CMS approved requests from five additional states to launch reinsurance programs under Section 1332 state innovation waivers in order to help alleviate high premiums in the individual health insurance markets. Colorado, Delaware, Montana, North Dakota, and Rhode Island are embracing reinsurance as a way to help insurers cover the cost of the largest claims they face. They join Alaska, Maine, Maryland, Minnesota, New Jersey, Oregon, and Wisconsin, which have existing reinsurance programs. The positive results in these seven states are significant: a 17% drop in premiums on average in the first year of operation.

Reinsurance was a key feature of the ACA to help stabilize premiums in the individual market for 2014 – 2016, the first three years of the marketplaces. The marketplaces were new, and insurers faced much uncertainty in covering previously uninsured and under insured individuals. The ACA offered a partial safeguard against high, unpredictable medical expenses under Section 1341’s transitional reinsurance program. Estimates place the average reduction in premiums by the federal reinsurance program by as much as 14%. Based on the assumption that insurers would gain a better understanding of their members’ health status as time passed (and thus could price their products with greater accuracy), the ACA’s reinsurance program was temporary. But in 2017 premiums increased more sharply than they had in previous years, in part due to the loss of reinsurance.

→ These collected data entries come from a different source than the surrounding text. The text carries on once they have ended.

lemma integrable_powr_mult_ln_power:
  assumes "1 \<le> s" "j \<le> n"
  shows "integrable M (\<lambda>x. u x powr s * ln (u x) ^ j)"
proof (rule Bochner_Integration.integrable_bound)
  show "integrable M (\<lambda>x. u x + u x * (- ln (u x)) ^ n)"
    using u_integrable neg_ln_power_integrable by simp
  show "(\<lambda>x. u x powr s * ln (u x) ^ j) \<in> borel_measurable M"
    using measurable by measurable
  show "AE x in M. norm (u x powr s * ln (u x) ^ j) \<le> norm (u x + u x * (- ln (u x)) ^ n)"
  proof (rule AE_I2)
    fix x assume "x \<in> space M"
    then have "\<bar>u x powr s * ln (u x) ^ j\<bar> \<le> u x + u x * (- ln (u x)) ^ n"
      using abs_powr_mult_ln_power_le pos le_one assms by blast
    then show "norm (u x powr s * ln (u x) ^ j) \<le> norm (u x + u x * (- ln (u x)) ^ n)"
      by (metis abs_ge_self order_trans real_norm_def)
  qed
qed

The ACA’s Section 1332 innovation waiver, however, creates opportunities for states to pursue new strategies to provide their residents with access to high quality, affordable health insurance while retaining the basic protections of the ACA. The waivers permit states to apply for authorization to make changes to their marketplaces as long as they demonstrate their plan: (1) will provide coverage that is at least as comprehensive in covered benefits as without the waiver; (2) is at least as affordable (taking into account premiums and excessive cost sharing); (3) covers at least a comparable number of state residents; and (4) does not increase the federal deficit.

Reinsurance is the most common innovation pursued by the states. Establishing reinsurance programs through section 1332 waivers is implemented through an aggregate payment to the state of what residents would otherwise have received in premium tax credits and cost-sharing reductions, referred to as subsidy pass-through funding. Thus, the vast majority of the states’ funding of reinsurance programs is recouped from the federal government.

But there are differences in states’ designs of their reinsurance programs. In Alaska, for example, the program fully or partially reimburses insurers for claims for enrollees diagnosed with at least one of 33 high-cost health conditions. Other states set a percentage reimbursement amount of claims between an attachment point and a cap. Colorado’s program reimburses insurers 60% of claims paid between $30,000 and an estimated $400,000 cap. In Rhode Island, the program reimburses insurers 50% of claims paid between $40,000 and an estimated $97,000 cap. In Maine, the program reimburses 90% of claims paid between $47,000 and $77,000 and 100% of claims in excess of $77,000 for members with certain health conditions.

It’s hard to deny the efficacy of reinsurance in the face of an almost 20% reduction in premiums on average for states that have already instituted such programs. Georgia submitted a waiver application in December 2019 for a reinsurance program that would reimburse insurers a percentage of claims paid between $20,000 and $500,000. Louisiana, New Hampshire, and Pennsylvania have public draft waiver applications, but have not yet submitted them. And a number of other states are considering reinsurance programs. This is likely only the first wave we will see of states taking it into their own hands to battle high premiums in the individual health insurance markets.